2012 was the year of awards for Pérez – first she won the prestigious Richard Tucker Award and later in the year she became the 15th winner of the Placido Domingo Award, joining a roster of winners that includes vocal superstars such as Juan Diego Florez and Rolando Villazon. What difference do awards like these make to her developing career? Pérez comes across as remarkably matter of fact and level headed in her reply. “The first rule for a singer is to get out there and do the work. It was my very first teacher who saw that I had a connection with music and who gave me two golden rules – sing into the words and sing into the emotion. With everything I do, I am trying to communicate with the audience and I am looking for a response from them in affirmation of what they are seeing and hearing. It’s a huge responsibility, but what you have to do is consider carefully what roles are right for you, what will fit into your schedule, how you can develop your voice and your vocal personality. When I started, I had great heroines from the past – singers like Maria Callas and Montserrat Caballé – but obviously I am a lyric soprano, so I have to remain true to myself. I have a tremendous connection with the music of Verdi – his music asks everything of you – and having sung Gilda, and Violetta, and now Alice, next year I shall be singing my first Desdemona for Houston Grand Opera. Oh, and I start next year by singing Liu at the Royal Opera House”. The monumental Andrej Serban production of Turandot returns to Covent Garden this autumn, for two runs either side of Christmas, and Pérez will be in the February/March schedule, singing under the idiomatic baton of Nicola Luisotti.
2013 is of course Verdi, Wagner and Britten year. Pérez’s involvement with Verdi and her love of his music is clear, and already well documented. What about Britten? “Well, I haven’t yet sung any Britten. I should love to, and I’m sure I will before too long”. And Wagner? It is of course not always wise for a young singer to take up Wagnerian roles too early, because of the sheer physical demands on the voice, but I tempt Pérez to imagine the first part in a Wagner opera that she might sing. “Hmm, I think it has to be Elsa, or maybe Eva… No, let’s say Elsa!” We all might have to wait a little while for that.
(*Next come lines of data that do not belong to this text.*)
lemma two_mul_card_le_of_lcs_len_one:
  assumes C: "C \<subseteq> words q n" and "3 \<le> n" and lcs: "pairwise (\<lambda>u v. lcs_len u v \<le> 1) C"
  shows "2 * card C \<le> q\<^sup>2 + q"
proof -
  define S where "S u = {w \<in> words q 2. subseq w u}" for u
  define K where "K = C \<inter> replicate n ` {1..q}"
  have fin: "finite C" "finite K" using C finite_words finite_subset unfolding K_def by blast+
  have "(\<Sum>u\<in>C. card (S u)) \<le> card (words q 2)"
    by (rule sum_card_subseq_sets_le[OF lcs finite_words]) (auto simp: S_def words_def)
  then have sum_S: "(\<Sum>u\<in>C. card (S u)) \<le> q\<^sup>2" by (simp add: card_words)
  have "card K \<le> card (replicate n ` {1..q})" unfolding K_def by (rule card_mono) auto
  then have card_K: "card K \<le> q" using card_image_le[of "{1..q}" "replicate n"] by simp
  have finite_S: "finite (S u)" for u unfolding S_def using finite_words by simp
  have one_le: "1 \<le> card (S u)" if "u \<in> C" for u
  proof -
    have u: "u \<in> words q n" using that C by blast
    then have "length u = n" unfolding words_def by simp
    then have "[u ! 0, u ! 1] \<in> S u"
      using subseq_nth_pair[of 0 1 u] words_nth_pair[OF u, of 0 1] \<open>3 \<le> n\<close> unfolding S_def
      by simp
    then show ?thesis using finite_S[of u] card_gt_0_iff[of "S u"] by fastforce
  qed
  have two_le: "2 \<le> card (S u)" if "u \<in> C - K" for u
    using two_le_card_pair_subseqs[of u q n] that C \<open>3 \<le> n\<close> unfolding S_def K_def by blast
  have "card K + 2 * card (C - K) = (\<Sum>u\<in>K. 1) + (\<Sum>u\<in>C - K. 2)" by simp
  also have "\<dots> \<le> (\<Sum>u\<in>K. card (S u)) + (\<Sum>u\<in>C - K. card (S u))"
    by (intro add_mono sum_mono) (use one_le two_le in \<open>auto simp: K_def\<close>)
  also have "\<dots> = (\<Sum>u\<in>C. card (S u))"
    using sum.subset_diff[of K C "\<lambda>u. card (S u)"] fin unfolding K_def by simp
  finally have "card K + 2 * card (C - K) \<le> q\<^sup>2" using sum_S by simp
  moreover have "card C = card K + card (C - K)"
    using card_Diff_subset[of K C] card_mono[of C K] fin unfolding K_def by auto
  ultimately show ?thesis using card_K by linarith
qed

lemma constant_code:
  assumes "1 \<le> n"
  shows "replicate n ` {1..q} \<subseteq> words q n" "card (replicate n ` {1..q}) = q"
    "pairwise (\<lambda>u v. lcs_len u v \<le> m) (replicate n ` {1..q})"
proof -
  show "replicate n ` {1..q} \<subseteq> words q n" unfolding words_def by auto
  have "inj_on (replicate n) {1..q}" using assms by (intro inj_onI) (metis hd_replicate not_one_le_zero)
  then show "card (replicate n ` {1..q}) = q" by (simp add: card_image)
  show "pairwise (\<lambda>u v. lcs_len u v \<le> m) (replicate n ` {1..q})"
    by (auto simp: pairwise_def lcs_len_replicate)
qed

lemma code_insdel_dist_ge_iff:
  assumes C: "C \<subseteq> words q n" and "2 \<le> card C" and "t \<le> n"
  shows "2 * t \<le> code_insdel_dist C \<longleftrightarrow> pairwise (\<lambda>u v. lcs_len u v \<le> n - t) C"
proof -
  let ?dists = "{insdel_dist u v | u v. u \<in> C \<and> v \<in> C \<and> u \<noteq> v}"
  have "finite C" using \<open>2 \<le> card C\<close> card.infinite by force
  then have fin: "finite ?dists"
    by (auto intro: finite_subset[of _ "(\<lambda>(u, v). insdel_dist u v) ` (C \<times> C)"])
  obtain u v where "u \<in> C" "v \<in> C" "u \<noteq> v"
    using \<open>2 \<le> card C\<close> card_le_Suc0_iff_eq[OF \<open>finite C\<close>] by (metis not_less_eq_eq numeral_2_eq_2)
  then have nonempty: "?dists \<noteq> {}" by blast
  have dist: "2 * t \<le> insdel_dist u v \<longleftrightarrow> lcs_len u v \<le> n - t" if "u \<in> C" "v \<in> C" for u v
  proof -
    have "length u = n" "length v = n" using that C unfolding words_def by auto
    moreover have "lcs_len u v \<le> length u" by (rule lcs_len_le_length)
    ultimately show ?thesis unfolding insdel_dist_def using \<open>t \<le> n\<close> by auto
  qed
  have "2 * t \<le> code_insdel_dist C \<longleftrightarrow> (\<forall>u\<in>C. \<forall>v\<in>C. u \<noteq> v \<longrightarrow> 2 * t \<le> insdel_dist u v)"
    unfolding code_insdel_dist_def Min_ge_iff[OF fin nonempty] by blast
  also have "\<dots> \<longleftrightarrow> pairwise (\<lambda>u v. lcs_len u v \<le> n - t) C"
    unfolding pairwise_def using dist by blast
  finally show ?thesis .
qed

lemma I_q_attained:
  assumes "2 \<le> q" "1 \<le> t" "t \<le> n"
  obtains C where "C \<subseteq> words q n" "pairwise (\<lambda>u v. lcs_len u v \<le> n - t) C"
    "I_q q n (2 * t) = card C"
proof -
  let ?sizes = "{card C | C. C \<subseteq> words q n \<and> 2 \<le> card C \<and> 2 * t \<le> code_insdel_dist C}"
  have "finite ?sizes"
    by (rule finite_subset[of _ "card ` Pow (words q n)"]) (auto simp: finite_words)
  moreover have "?sizes \<noteq> {}"
  proof -
    let ?K = "replicate n ` {1..q}"
    have "?K \<subseteq> words q n" "2 \<le> card ?K" using constant_code(1,2)[of n q] assms by auto
    moreover have "2 * t \<le> code_insdel_dist ?K"
      using code_insdel_dist_ge_iff[of ?K q n t] constant_code(3)[of n "n - t" q] calculation assms
      by simp
    ultimately show ?thesis by blast
  qed
  ultimately have "I_q q n (2 * t) \<in> ?sizes" unfolding I_q_def by (rule Max_in)
  then show ?thesis using that code_insdel_dist_ge_iff assms(3) by blast
qed

lemma card_le_I_q:
  assumes "C \<subseteq> words q n" "2 \<le> card C" "t \<le> n" "pairwise (\<lambda>u v. lcs_len u v \<le> n - t) C"
  shows "card C \<le> I_q q n (2 * t)"
proof -
  have "finite {card C | C. C \<subseteq> words q n \<and> 2 \<le> card C \<and> 2 * t \<le> code_insdel_dist C}"
    by (rule finite_subset[of _ "card ` Pow (words q n)"]) (auto simp: finite_words)
  then show ?thesis unfolding I_q_def
    by (rule Max_ge) (use assms code_insdel_dist_ge_iff in blast)
qed

lemma I_q_two:
  assumes "2 \<le> q" "1 \<le> n"
  shows "I_q q n 2 = q ^ n"
proof (rule antisym)
  obtain C where "C \<subseteq> words q n" "I_q q n (2 * 1) = card C"
    using I_q_attained[of q 1 n] assms by auto
  then show "I_q q n 2 \<le> q ^ n" using card_mono[OF finite_words] card_words by simp
  have "q \<le> q ^ n" using assms by (simp add: self_le_power)
  then have "2 \<le> card (words q n)" using assms by (simp add: card_words)
  moreover have "pairwise (\<lambda>u v. lcs_len u v \<le> n - 1) (words q n)"
  proof
    fix u v assume "u \<in> words q n" "v \<in> words q n" "u \<noteq> v"
    then show "lcs_len u v \<le> n - 1" using lcs_len_less_length[of u v] unfolding words_def by simp
  qed
  ultimately show "q ^ n \<le> I_q q n 2"
    using card_le_I_q[of "words q n" q n 1] assms by (simp add: card_words)
qed

lemma I_q_two_mul_length:
  assumes "2 \<le> q" "1 \<le> n"
  shows "I_q q n (2 * n) = q"
proof (rule antisym)
  obtain C where "C \<subseteq> words q n" "pairwise (\<lambda>u v. lcs_len u v \<le> n - n) C" "I_q q n (2 * n) = card C"
    using I_q_attained[of q n n] assms by auto
  then show "I_q q n (2 * n) \<le> q" using card_le_of_lcs_len_zero[of C q n] assms(2) by simp
  show "q \<le> I_q q n (2 * n)"
    using card_le_I_q[OF constant_code(1)[of n q] _ order.refl constant_code(3)] constant_code(2) assms
    by simp
qed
Successful roles in successful productions make for happy singers, and Pérez is clearly happy and feeling at home with her cast and fellow principals and Glyndebourne environment at the moment. But before we part company, she stresses once again how keen she is to work at her art, and assures me that she has “a great desire to learn”. Audiences enjoying a radiant Alice Ford at Glyndebourne for the next few weeks may think they are seeing and hearing a lead soprano at the height of her powers, but I have a feeling that Pérez has huge potential for further development yet. It will be fascinating to see how she matures and develops further in the course of an exciting operatic journey.
Ailyn Pérez is currently appearing at the Glyndebourne in Verdi's Falstaff.